lemma apply_1q_normal_form:
  assumes "valid_pairs n ps" "q < n" "unitary_rows U" "angles_bounded x"
  shows "\<exists>c x'. cmod c = 1 \<and> angles_bounded x' \<and>
           apply_1q q U (normal_form n ps x) = (\<lambda>r. c * normal_form n ps x' r)"
  using assms(1,4)
proof (induction ps arbitrary: x)
  case Nil
  then show ?case
    by (metis apply_1q_product_state[OF assms(2,3)] normal_form.simps(1))
next
  case (Cons p ps)
  obtain a b where p: "p = (a,b)" by fastforce
  have ab: "a \<noteq> b" and "q \<noteq> a \<Longrightarrow> q \<noteq> b \<Longrightarrow> valid_pairs n ps"
    using Cons.prems(1) by (auto simp: valid_pairs_def p)
  consider "q = a" | "q = b" | "q \<noteq> a" "q \<noteq> b" by blast
  then show ?case
  proof cases
    case 1
    then show ?thesis
      using apply_1q_normal_form_first[OF assms(3) Cons.prems(2)] unfolding p by metis
  next
    case 2
    then show ?thesis
      using apply_1q_normal_form_second[OF ab assms(3) Cons.prems(2)] unfolding p by metis
  next
    case 3
    obtain c y where y: "cmod c = 1" "angles_bounded y"
      "apply_1q q U (normal_form n ps x) = (\<lambda>r. c * normal_form n ps y r)"
      using Cons.IH \<open>q \<noteq> a \<Longrightarrow> q \<noteq> b \<Longrightarrow> valid_pairs n ps\<close>[OF 3] Cons.prems(2) by blast
    define x' where "x' j = (if j < 2*n + 7*length ps then y j else x j)" for j
    have "normal_form n ps x' = normal_form n ps y" by (rule normal_form_cong) (auto simp: x'_def)
    then have "apply_1q q U (normal_form n (p#ps) x) = (\<lambda>r. c * normal_form n (p#ps) x' r)"
      using 3 y(3) by (simp add: p x'_def apply_1q_commute apply_1q_apply_ms_commute apply_1q_scale apply_ms_scale)
    moreover have "angles_bounded x'" using Cons.prems(2) y(2) by (auto simp: angles_bounded_def x'_def)
    ultimately show ?thesis using y(1) by blast
  qed
qed

lemma apply_ms_normal_form:
  assumes "angles_bounded x"
  obtains x' where "angles_bounded x'"
    "apply_ms a b t (\<lambda>r. c * normal_form n ps x r) = (\<lambda>r. c * normal_form n ((a,b)#ps) x' r)"
proof -
  let ?o = "2*n + 7*length ps"
  define x' where "x' = x(?o := Arg (cis t), ?o+1 := 0, ?o+2 := 0, ?o+3 := 0, ?o+4 := 0, ?o+5 := 0, ?o+6 := 0)"
  have "cos (Arg (cis t)) = cos t" "sin (Arg (cis t)) = sin t"
    using arg_cong[OF Arg_cis_cis[of t], of Re] arg_cong[OF Arg_cis_cis[of t], of Im] by simp_all
  moreover have "normal_form n ps x' = normal_form n ps x" by (rule normal_form_cong) (auto simp: x'_def)
  ultimately have "normal_form n ((a,b)#ps) x' = apply_ms a b t (normal_form n ps x)"
    by (simp add: x'_def apply_1q_su2_angles_zero apply_ms_def fun_eq_iff)
  moreover have "angles_bounded x'" using assms abs_Arg_le_pi by (auto simp: angles_bounded_def x'_def)
  ultimately show ?thesis using that by (simp add: apply_ms_scale)
qed

definition reachable :: "nat \<Rightarrow> (nat \<times> nat) list \<Rightarrow> complex vec \<Rightarrow> bool" where
  "reachable n ps v \<longleftrightarrow> (\<exists>c x. cmod c = 1 \<and> angles_bounded x \<and> v = vec (2^n) (\<lambda>r. c * normal_form n ps x r))"

lemma reachable_carrier: "reachable n ps v \<Longrightarrow> v \<in> carrier_vec (2^n)"
  by (auto simp: reachable_def)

================

Take from the material every line that holds "metis".

    by (metis apply_1q_product_state[OF assms(2,3)] normal_form.simps(1))
      using apply_1q_normal_form_first[OF assms(3) Cons.prems(2)] unfolding p by metis
      using apply_1q_normal_form_second[OF ab assms(3) Cons.prems(2)] unfolding p by metis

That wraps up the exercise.